== SUPPLIED INFORMATION
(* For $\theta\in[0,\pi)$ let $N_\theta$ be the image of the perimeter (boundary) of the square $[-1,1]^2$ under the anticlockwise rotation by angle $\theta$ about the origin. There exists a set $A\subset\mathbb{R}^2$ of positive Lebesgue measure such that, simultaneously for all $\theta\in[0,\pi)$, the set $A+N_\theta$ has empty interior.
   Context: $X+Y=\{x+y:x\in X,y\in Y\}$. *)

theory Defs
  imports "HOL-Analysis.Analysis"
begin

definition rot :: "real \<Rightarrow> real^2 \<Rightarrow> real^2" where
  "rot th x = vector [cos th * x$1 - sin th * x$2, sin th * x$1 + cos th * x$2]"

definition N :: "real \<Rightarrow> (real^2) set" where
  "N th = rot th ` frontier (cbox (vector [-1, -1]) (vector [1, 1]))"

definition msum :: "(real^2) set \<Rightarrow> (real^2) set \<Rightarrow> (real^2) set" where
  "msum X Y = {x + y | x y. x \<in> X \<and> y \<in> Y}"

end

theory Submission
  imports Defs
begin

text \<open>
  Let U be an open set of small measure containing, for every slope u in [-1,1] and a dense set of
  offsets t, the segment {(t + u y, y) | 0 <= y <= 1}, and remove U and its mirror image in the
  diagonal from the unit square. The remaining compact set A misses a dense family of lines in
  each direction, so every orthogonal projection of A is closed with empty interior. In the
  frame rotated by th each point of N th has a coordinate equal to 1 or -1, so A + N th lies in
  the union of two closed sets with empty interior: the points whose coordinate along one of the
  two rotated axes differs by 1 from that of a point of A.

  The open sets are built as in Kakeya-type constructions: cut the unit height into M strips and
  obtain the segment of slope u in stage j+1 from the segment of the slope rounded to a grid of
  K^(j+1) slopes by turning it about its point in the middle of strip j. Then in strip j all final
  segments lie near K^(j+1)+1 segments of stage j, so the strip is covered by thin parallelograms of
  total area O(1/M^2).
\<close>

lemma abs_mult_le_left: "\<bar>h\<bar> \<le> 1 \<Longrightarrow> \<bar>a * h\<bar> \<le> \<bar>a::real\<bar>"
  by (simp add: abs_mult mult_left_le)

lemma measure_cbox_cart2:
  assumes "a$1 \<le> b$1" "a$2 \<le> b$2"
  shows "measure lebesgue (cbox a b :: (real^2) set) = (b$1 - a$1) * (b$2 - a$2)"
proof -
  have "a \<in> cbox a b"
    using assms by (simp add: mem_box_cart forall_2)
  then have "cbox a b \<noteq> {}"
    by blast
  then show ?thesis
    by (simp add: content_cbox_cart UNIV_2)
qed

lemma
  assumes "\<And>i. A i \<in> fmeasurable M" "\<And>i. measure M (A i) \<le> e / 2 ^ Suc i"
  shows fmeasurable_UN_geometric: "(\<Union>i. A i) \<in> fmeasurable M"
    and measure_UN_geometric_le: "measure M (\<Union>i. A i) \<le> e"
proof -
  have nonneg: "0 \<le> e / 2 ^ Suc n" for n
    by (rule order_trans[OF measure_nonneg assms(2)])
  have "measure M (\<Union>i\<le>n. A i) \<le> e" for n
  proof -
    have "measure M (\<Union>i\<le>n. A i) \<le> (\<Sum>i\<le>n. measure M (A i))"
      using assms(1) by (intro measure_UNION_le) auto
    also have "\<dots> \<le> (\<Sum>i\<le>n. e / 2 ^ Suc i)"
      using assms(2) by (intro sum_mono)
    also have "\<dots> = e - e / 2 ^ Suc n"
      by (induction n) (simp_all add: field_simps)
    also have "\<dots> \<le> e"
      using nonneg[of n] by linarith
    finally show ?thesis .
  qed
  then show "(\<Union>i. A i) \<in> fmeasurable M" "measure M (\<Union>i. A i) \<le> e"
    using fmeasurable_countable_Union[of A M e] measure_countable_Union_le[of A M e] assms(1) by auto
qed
====
== SUPPLIED INFORMATION
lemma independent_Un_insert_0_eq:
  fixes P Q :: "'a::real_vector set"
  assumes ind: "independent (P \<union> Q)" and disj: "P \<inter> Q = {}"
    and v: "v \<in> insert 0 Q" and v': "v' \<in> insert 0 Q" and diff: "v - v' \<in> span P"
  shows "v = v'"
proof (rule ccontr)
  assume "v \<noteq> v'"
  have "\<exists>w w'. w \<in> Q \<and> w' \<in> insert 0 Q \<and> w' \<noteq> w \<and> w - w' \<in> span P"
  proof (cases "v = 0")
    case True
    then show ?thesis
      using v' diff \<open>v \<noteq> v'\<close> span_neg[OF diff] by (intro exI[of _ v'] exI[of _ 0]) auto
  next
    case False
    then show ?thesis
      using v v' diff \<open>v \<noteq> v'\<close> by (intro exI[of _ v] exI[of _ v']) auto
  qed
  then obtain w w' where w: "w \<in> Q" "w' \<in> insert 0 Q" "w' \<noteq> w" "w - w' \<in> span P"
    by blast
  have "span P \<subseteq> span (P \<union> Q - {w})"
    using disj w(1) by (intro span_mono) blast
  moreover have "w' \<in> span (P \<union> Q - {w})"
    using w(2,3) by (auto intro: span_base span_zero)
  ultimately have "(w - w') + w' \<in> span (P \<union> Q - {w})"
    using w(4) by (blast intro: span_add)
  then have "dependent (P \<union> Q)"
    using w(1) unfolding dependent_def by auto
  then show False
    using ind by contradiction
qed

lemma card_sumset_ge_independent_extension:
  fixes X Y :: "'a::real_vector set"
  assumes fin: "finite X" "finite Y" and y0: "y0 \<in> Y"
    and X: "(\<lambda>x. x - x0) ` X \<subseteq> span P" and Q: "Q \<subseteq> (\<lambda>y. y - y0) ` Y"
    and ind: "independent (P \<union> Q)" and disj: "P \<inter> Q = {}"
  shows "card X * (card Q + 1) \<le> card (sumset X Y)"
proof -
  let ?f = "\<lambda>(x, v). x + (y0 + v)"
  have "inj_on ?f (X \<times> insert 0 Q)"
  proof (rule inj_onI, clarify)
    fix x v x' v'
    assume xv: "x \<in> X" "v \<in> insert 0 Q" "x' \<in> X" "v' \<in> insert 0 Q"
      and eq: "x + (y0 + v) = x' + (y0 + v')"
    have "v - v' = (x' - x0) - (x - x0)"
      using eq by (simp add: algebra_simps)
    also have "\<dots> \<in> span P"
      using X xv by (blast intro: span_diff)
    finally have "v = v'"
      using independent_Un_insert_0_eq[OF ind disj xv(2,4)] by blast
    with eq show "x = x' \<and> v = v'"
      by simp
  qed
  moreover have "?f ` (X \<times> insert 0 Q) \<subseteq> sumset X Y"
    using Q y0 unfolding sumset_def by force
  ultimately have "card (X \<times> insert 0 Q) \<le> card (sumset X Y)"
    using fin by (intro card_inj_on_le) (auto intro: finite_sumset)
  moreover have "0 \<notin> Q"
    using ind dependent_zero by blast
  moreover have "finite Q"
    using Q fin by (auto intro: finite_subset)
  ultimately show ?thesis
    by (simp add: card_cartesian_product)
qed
====
■ **ASSIGNMENT**: In the listing above, find the line with "(* For $\theta\in[0,\pi)$" and the line with "frame rotated by", then print exactly those lines and every line between them.

■ **SOLUTION FOR THIS TASK**:
(* For $\theta\in[0,\pi)$ let $N_\theta$ be the image of the perimeter (boundary) of the square $[-1,1]^2$ under the anticlockwise rotation by angle $\theta$ about the origin. There exists a set $A\subset\mathbb{R}^2$ of positive Lebesgue measure such that, simultaneously for all $\theta\in[0,\pi)$, the set $A+N_\theta$ has empty interior.
   Context: $X+Y=\{x+y:x\in X,y\in Y\}$. *)

theory Defs
  imports "HOL-Analysis.Analysis"
begin

definition rot :: "real \<Rightarrow> real^2 \<Rightarrow> real^2" where
  "rot th x = vector [cos th * x$1 - sin th * x$2, sin th * x$1 + cos th * x$2]"

definition N :: "real \<Rightarrow> (real^2) set" where
  "N th = rot th ` frontier (cbox (vector [-1, -1]) (vector [1, 1]))"

definition msum :: "(real^2) set \<Rightarrow> (real^2) set \<Rightarrow> (real^2) set" where
  "msum X Y = {x + y | x y. x \<in> X \<and> y \<in> Y}"

end

theory Submission
  imports Defs
begin

text \<open>
  Let U be an open set of small measure containing, for every slope u in [-1,1] and a dense set of
  offsets t, the segment {(t + u y, y) | 0 <= y <= 1}, and remove U and its mirror image in the
  diagonal from the unit square. The remaining compact set A misses a dense family of lines in
  each direction, so every orthogonal projection of A is closed with empty interior. In the
  frame rotated by th each point of N th has a coordinate equal to 1 or -1, so A + N th lies in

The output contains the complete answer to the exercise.